The second New England Machine Learning Day will be held **May 1st, 2013**, from 10:00am-5:00pm at Microsoft Research New England, One Memorial Drive, Cambridge, MA 02142. The event will bring together local academics and researchers in machine learning and its applications. There will be a lively poster session during lunch, like NEML 2012.

### Schedule

10:00‑10:05 | Jennifer Chayes (MSR) | Opening remarks |

10:10‑10:40 | Sham Kakade (MSR) | Learning latent structure in documents, social networks, and more... |

10:45‑11:15 | Stefanie Tellex (Brown) | Learning Word Meanings for Human-Robot Interaction |

11:20‑11:50 | Pablo Parrilo (MIT) | From Sparsity to Rank, and Beyond: algebra, geometry, and convexity |

11:50‑1:45 | Posters and lunch | |

1:45‑2:15 | Erik Sudderth (Brown) | Toward Reliable Bayesian Nonparametric Learning |

2:20‑2:50 | Ryan Adams (Harvard) | Practical Bayesian Optimization of Machine Learning Algorithms |

2:50‑3:20 | Coffee break | |

3:20‑3:50 | Hanna Wallach (UMASS) | Machine Learning for Complex Social Processes |

3:55‑4:25 | Cynthia Rudin (MIT) | ML for the Future: Healthcare, Energy, and the Internet |

4:30‑5:00 | Antonio Torralba (MIT) | Who is to blame in object detection failures? |

### Poster session

There will be a poster session during lunch. To submit, please email a brief abstract describing the project to nemlposter@hotmail.com by **April 22th, 2013**.

**Directions**. The event will be on the first floor of One Memorial Drive, Cambridge, MA 02142. Note that we are very close to the Kendall T stop, while parking is 27 dollars for the day.

### Titles and Abstracts

**Sham Kakade.** Learning latent structure in documents, social networks, and more...

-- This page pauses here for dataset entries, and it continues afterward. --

lemma quad_form_Bmat_div_sqrt_weight:
  "quad_form (Bmat a b c) (\<lambda>k. \<eta> k / sqrt (weight k)) n = quad_form (\<lambda>j k. hankel (j + k)) \<eta> n"
proof -
  have "sqrt (weight k) \<noteq> 0" for k
    using weight_pos[of k] by simp
  then show ?thesis
    unfolding quad_form_def Bmat_eq by (intro sum.cong refl) (simp add: field_simps)
qed

lemma sum_square_div_sqrt_weight: "(\<Sum>k\<le>n. (\<eta> k / sqrt (weight k))\<^sup>2) = (\<Sum>k\<le>n. (\<eta> k)\<^sup>2 / weight k)"
  using weight_pos by (simp add: power_divide less_imp_le)

lemma Bmat_positive:
  assumes "bounded_mat_op (Bmat a b c)"
  shows "positive_mat_op (Bmat a b c)"
proof (rule positive_mat_opI[OF assms])
  fix \<xi> n
  have "sqrt (weight k) \<noteq> 0" for k
    using weight_pos[of k] by simp
  then show "0 \<le> quad_form (Bmat a b c) \<xi> n"
    using quad_form_Bmat_div_sqrt_weight[of "\<lambda>k. \<xi> k * sqrt (weight k)" n] hankel_quad_form_nonneg
    by simp
qed

lemma hankel_quad_form_le_op_norm:
  assumes "bounded_mat_op (Bmat a b c)"
  shows "quad_form (\<lambda>j k. hankel (j + k)) \<eta> n \<le> mat_op_norm (Bmat a b c) * (\<Sum>k\<le>n. (\<eta> k)\<^sup>2 / weight k)"
  using quad_form_le_op_norm[OF assms, of "\<lambda>k. \<eta> k / sqrt (weight k)" n]
  unfolding quad_form_Bmat_div_sqrt_weight sum_square_div_sqrt_weight .

end

section \<open>Sharpness of the Schur bound\<close>

context Bmat_params
begin

definition energy :: "real \<Rightarrow> real" where
  "energy \<beta> = Gamma a * Gamma \<beta> * Gamma (b + c - a - 2 * \<beta>) / (Gamma (b + c - a - \<beta>) * Gamma (b + c - 2 * \<beta>))"

lemma energy_sums:
  assumes "0 < \<beta>" and "2 * \<beta> < b + c - a"
  shows "(\<lambda>j. gamma_seq \<beta> j * row_factor \<beta> j) sums energy \<beta>"
proof -
  have "(\<lambda>j. Gamma (real j + a) / Gamma (real j + (b + c - \<beta>)) * (Gamma (real j + \<beta>) / fact j)) sums
          (Gamma a * Gamma \<beta> * Gamma (b + c - \<beta> - a - \<beta>) / (Gamma (b + c - \<beta> - a) * Gamma (b + c - \<beta> - \<beta>)))"
    using assms a_pos by (intro Gauss_hypergeometric_sums) auto
  moreover have "b + c - \<beta> - a - \<beta> = b + c - a - 2 * \<beta>" "b + c - \<beta> - a = b + c - a - \<beta>"
    "b + c - \<beta> - \<beta> = b + c - 2 * \<beta>" "real j + (b + c - \<beta>) = real j + b + c - \<beta>" for j
    by simp_all
  ultimately show ?thesis
    unfolding gamma_seq_def row_factor_def energy_def by (simp only: mult.commute)
qed

lemma weighted_gamma_seq_sum_le:
  assumes "0 < \<beta>" and "2 * \<beta> < b + c - a" and "0 \<le> K"
    and tail: "\<And>j. m \<le> j \<Longrightarrow> gamma_seq \<beta> j / weight j \<le> K * row_factor \<beta> j"
  shows "(\<Sum>k\<le>n. (gamma_seq \<beta> k)\<^sup>2 / weight k) \<le> (\<Sum>k<m. (gamma_seq \<beta> k)\<^sup>2 / weight k) + K * energy \<beta>"
proof -
  have gr_nonneg: "0 \<le> gamma_seq \<beta> k * row_factor \<beta> k" for k
    using gamma_seq_pos[OF assms(1)] row_factor_pos[of \<beta> k] assms(1,2) a_pos
    by (simp add: less_imp_le)
  have term_le: "(gamma_seq \<beta> k)\<^sup>2 / weight k
      \<le> (if k \<in> {..<m} then (gamma_seq \<beta> k)\<^sup>2 / weight k else 0) + K * (gamma_seq \<beta> k * row_factor \<beta> k)" for k
  proof (cases "k < m")
    case False
    then have "gamma_seq \<beta> k * (gamma_seq \<beta> k / weight k) \<le> gamma_seq \<beta> k * (K * row_factor \<beta> k)"
      using tail gamma_seq_pos[OF assms(1)] by (intro mult_left_mono) (auto simp: less_imp_le)
    then show ?thesis
      using False by (simp add: power2_eq_square mult_ac)
  qed (use assms(3) gr_nonneg in simp)
  have "(\<Sum>k\<le>n. (if k \<in> {..<m} then (gamma_seq \<beta> k)\<^sup>2 / weight k else 0))
          = (\<Sum>k\<in>{..n} \<inter> {..<m}. (gamma_seq \<beta> k)\<^sup>2 / weight k)"
    by (simp add: sum.inter_restrict)
  also have "\<dots> \<le> (\<Sum>k<m. (gamma_seq \<beta> k)\<^sup>2 / weight k)"
    using weight_pos by (intro sum_mono2) (auto simp: less_imp_le)
  finally have head: "(\<Sum>k\<le>n. (if k \<in> {..<m} then (gamma_seq \<beta> k)\<^sup>2 / weight k else 0))
      \<le> (\<Sum>k<m. (gamma_seq \<beta> k)\<^sup>2 / weight k)" .
  have "(\<Sum>k\<le>n. gamma_seq \<beta> k * row_factor \<beta> k) \<le> energy \<beta>"
    using sum_le_suminf[OF sums_summable[OF energy_sums[OF assms(1,2)]], where I = "{..n}"]
      sums_unique[OF energy_sums[OF assms(1,2)]] gr_nonneg by simp
  then have tail_sum: "K * (\<Sum>k\<le>n. gamma_seq \<beta> k * row_factor \<beta> k) \<le> K * energy \<beta>"
    using assms(3) by (rule mult_left_mono)
  have "(\<Sum>k\<le>n. (gamma_seq \<beta> k)\<^sup>2 / weight k)
      \<le> (\<Sum>k\<le>n. (if k \<in> {..<m} then (gamma_seq \<beta> k)\<^sup>2 / weight k else 0) + K * (gamma_seq \<beta> k * row_factor \<beta> k))"
    by (rule sum_mono) (rule term_le)
  then show ?thesis
    using head tail_sum by (simp add: sum.distrib sum_distrib_left)
qed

In many applications, we face the challenge of modeling the interactions between multiple observations and hidden causes; such problems range from document retrieval, where we seek to model the underlying topics, to community detection in social networks. The (unsupervised) learning problem is to accurately estimate the model (e.g. the hidden topics, the underlying clusters, or the hidden communities in a social network) with only samples of the observed variables. In practice, many of these models are fit with local search heuristics. This talk will overview how simple and scalable linear algebra approaches provide closed form estimation methods for a wide class of these models models---including Gaussian mixture models, hidden Markov models, topic models (including latent Dirichlet allocation), and mixed membership models for communities in social networks.

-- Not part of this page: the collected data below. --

lemma grad_mult:
  assumes "a differentiable (at x)" "b differentiable (at x)"
  shows "grad (\<lambda>y. a y * b y) x = a x *\<^sub>R grad b x + b x *\<^sub>R grad a x"
  using assms by (simp add: grad_def vec_eq_iff pd_mult)

lemma grad_exp:
  assumes "a differentiable (at x)"
  shows "grad (\<lambda>y. exp (a y)) x = exp (a x) *\<^sub>R grad a x"
  using assms by (simp add: grad_def vec_eq_iff pd_exp)

lemma lap_eq_divg_grad: "lap b x = divg (grad b) x"
  unfolding lap_def divg_def grad_def by simp

lemma divg_add:
  assumes "C1_field V" "C1_field W"
  shows "divg (\<lambda>y. V y + W y) x = divg V x + divg W x"
  using assms unfolding C1_field_def
  by (simp add: divg_def pd_add C1_imp_differentiable sum.distrib)

lemma divg_diff:
  assumes "C1_field V" "C1_field W"
  shows "divg (\<lambda>y. V y - W y) x = divg V x - divg W x"
  using assms unfolding C1_field_def
  by (simp add: divg_def pd_diff C1_imp_differentiable sum_subtractf)

lemma divg_scaleR:
  assumes "C1 a" "C1_field V"
  shows "divg (\<lambda>y. a y *\<^sub>R V y) x = grad a x \<bullet> V x + a x * divg V x"
  using assms unfolding C1_field_def
  by (simp add: divg_def grad_def inner_vec_def pd_mult C1_imp_differentiable
      sum.distrib sum_distrib_left)

lemma divg_scaleR_grad:
  assumes "C1 a" "C2 b"
  shows "divg (\<lambda>y. a y *\<^sub>R grad b y) x = grad a x \<bullet> grad b x + a x * lap b x"
  using assms by (simp add: divg_scaleR C1_field_grad lap_eq_divg_grad)

lemma integral_cube_divg_periodic:
  assumes "periodic V" "C1_field V"
  shows "integral (cbox 0 One) (divg V) = 0"
proof -
  have "periodic (\<lambda>y. V y $ i)" for i
    using assms(1) unfolding periodic_def by simp
  then have "integral (cbox 0 One) (pd i (\<lambda>y. V y $ i)) = 0" for i
    using assms(2) unfolding C1_field_def by (simp add: integral_cube_pd_periodic)
  moreover have "integral (cbox 0 One) (divg V) = (\<Sum>i\<in>UNIV. integral (cbox 0 One) (pd i (\<lambda>y. V y $ i)))"
    unfolding divg_def[abs_def] using assms(2) unfolding C1_field_def
    by (intro integral_sum continuous_on_imp_integrable_on_cbox C1_imp_continuous_on_pd) auto
  ultimately show ?thesis
    by simp
qed

lemma continuous_on_divg: "C1_field V \<Longrightarrow> continuous_on UNIV (divg V)"
  unfolding C1_field_def divg_def[abs_def]
  by (intro continuous_on_sum C1_imp_continuous_on_pd) simp

lemma integral_cube_nonpos_if_le_divg:
  assumes "periodic V" "C1_field V" "continuous_on UNIV h" "\<And>x. h x \<le> divg V x"
  shows "integral (cbox 0 One) h \<le> 0"
proof -
  have "integral (cbox 0 One) h \<le> integral (cbox 0 One) (divg V)"
    using assms(2-4) by (intro integral_le continuous_on_imp_integrable_on_cbox continuous_on_divg)
  then show ?thesis
    using integral_cube_divg_periodic[OF assms(1,2)] by simp
qed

**Stefanie Tellex.** Learning Word Meanings for Human-Robot Interaction

As robots become more powerful and autonomous, it is critical to develop ways for untrained users to quickly and easily tell them what to do. Natural language is a powerful and flexible modality for conveying complex requests, but in order for robots to effectively understand natural language commands, they must be able to acquire meaning representations that can be mapped to perceptual features in the external world. I will present approaches to learning thesegroundedmeaning representations from a corpus of natural language sentences paired with a robot's perceptual model of the environment. The robot can use these learned models to recognize events, follow commands, ask questions, and request help.

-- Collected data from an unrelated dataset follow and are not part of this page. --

lemma comm_if_Phi_eq:
  assumes "f \<in> F3rep" "g \<in> F3rep" "Phi f = Phi g"
  shows "subA f g \<in> comm"
proof -
  let ?h = "subA f g"
  have h: "?h \<in> Afin" "xhomog 3 ?h"
    using assms(1,2) by (auto simp: F3rep_Afin F3rep_xhomog xhomog_subA)
  have "Dx ?h = zeroA"
    using Phi_AntiPoly[OF assms(1)] Phi_AntiPoly[OF assms(2)] assms(3)
    unfolding Dx_subA by (simp add: subA_def zeroA_def)
  then have "smulA 3 ?h \<in> comm"
    using Euler_comm[OF h] unfolding \<open>Dx ?h = zeroA\<close> mulA_zero_right by (simp add: subA_def zeroA_def)
  then have "smulA (1 / 3) (smulA 3 ?h) \<in> comm"
    unfolding comm_def by (rule lspan_smul)
  then show ?thesis
    by (simp add: smulA_def)
qed

lemma PP_iff_cyclic: "P \<in> PP \<longleftrightarrow> P \<in> AntiPoly \<and> (\<forall>X Y. peval P X Y = peval P Y (- X - Y))"
proof (cases "P \<in> AntiPoly")
  case True
  note swap = peval_swap_AntiPoly[OF True]
  have "peval P X Y = peval P Y (- X - Y)"
    if "\<forall>a b. 2 * peval P a b = peval P (- a - b) a - peval P (- a - b) b" for X Y
  proof -
    have "2 * peval P X Y = peval P (- X - Y) X + peval P Y (- X - Y)"
      using that swap[of "- X - Y" Y] by simp
    moreover have "2 * peval P Y (- X - Y) = peval P X Y + peval P (- X - Y) X"
      using that[rule_format, of Y "- X - Y"] swap[of X "- X - Y"] by simp
    ultimately show ?thesis by simp
  qed
  moreover have "2 * peval P a b = peval P (- a - b) a - peval P (- a - b) b"
    if "\<forall>X Y. peval P X Y = peval P Y (- X - Y)" for a b
    using that[rule_format, of "- a - b" a] that[rule_format, of a b] swap[of "- a - b" b] by simp
  ultimately show ?thesis
    using True unfolding PP_def by blast
qed (simp add: PP_def)

lemma evalA_lP_rot:
  assumes "P \<in> AntiPoly"
  shows "evalA (lP P) (rot 3 1 t) = 2 * peval P (t 1 - t 2) (t 2 - t 0)"
  by (simp add: evalA_lP_AntiPoly[OF assms] rot_def numeral_2_eq_2)

lemma evalA_lP_rot_invariant_iff:
  assumes "P \<in> AntiPoly"
  shows "(\<forall>t. evalA (lP P) (rot 3 1 t) = evalA (lP P) t) \<longleftrightarrow> (\<forall>X Y. peval P X Y = peval P Y (- X - Y))"
proof
  assume rot: "\<forall>t. evalA (lP P) (rot 3 1 t) = evalA (lP P) t"
  show "\<forall>X Y. peval P X Y = peval P Y (- X - Y)"
  proof (intro allI)
    fix X Y :: real
    define t :: "nat \<Rightarrow> real" where "t m = (if m = 0 then X + Y else if m = 1 then Y else 0)" for m
    have "evalA (lP P) (rot 3 1 t) = evalA (lP P) t" using rot by blast
    then have "2 * peval P (t 1 - t 2) (t 2 - t 0) = evalA (lP P) t"
      by (simp only: evalA_lP_rot[OF assms])
    then have "2 * peval P (t 1 - t 2) (t 2 - t 0) = 2 * peval P (t 0 - t 1) (t 1 - t 2)"
      by (simp only: evalA_lP_AntiPoly[OF assms])
    then show "peval P X Y = peval P Y (- X - Y)"
      by (simp add: t_def)
  qed
next
  assume cyc: "\<forall>X Y. peval P X Y = peval P Y (- X - Y)"
  show "\<forall>t. evalA (lP P) (rot 3 1 t) = evalA (lP P) t"
  proof
    fix t :: "nat \<Rightarrow> real"
    have "- (t 0 - t 1) - (t 1 - t 2) = t 2 - t 0" by simp
    then have "peval P (t 0 - t 1) (t 1 - t 2) = peval P (t 1 - t 2) (t 2 - t 0)"
      using cyc by metis
    then show "evalA (lP P) (rot 3 1 t) = evalA (lP P) t"
      unfolding evalA_lP_rot[OF assms] by (simp only: evalA_lP_AntiPoly[OF assms])
  qed
qed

**Pablo Parrilo.** From Sparsity to Rank, and Beyond: algebra, geometry, and convexity

Optimization problems involving sparse vectors or low-rank matrices are of great importance in applied mathematics and engineering. They provide a rich and fruitful interaction between algebraic-geometric concepts and convex optimization, with strong synergies with popular techniques like L1 and nuclear norm minimization. In this lecture we will provide a gentle introduction to this exciting research area, highlighting key algebraic-geometric ideas as well as a survey of recent developments, including extensions to very general families of parsimonious models such as sums of a few permutations matrices, low-rank tensors, orthogonal matrices, and atomic measures, as well as the corresponding structure-inducing norms. Based on joint work with Venkat Chandrasekaran, Maryam Fazel, Ben Recht, Sujay Sanghavi, and Alan Willsky.

**Erik Sudderth.** Toward Reliable Bayesian Nonparametric Learning

Applications of Bayesian nonparametrics increasingly involve datasets with rich hierarchical, temporal, spatial, or relational structure. While basic inference algorithms such as the Gibbs sampler are easily generalized to such models, in practice they can fail in subtle and hard-to-diagnose ways. We explore this issue via variants of a simple and popular nonparametric Bayesian model, the hierarchical Dirichlet process. By optimizing variational learning objectives in non-traditional ways, we build improved models of text, image, and social network data.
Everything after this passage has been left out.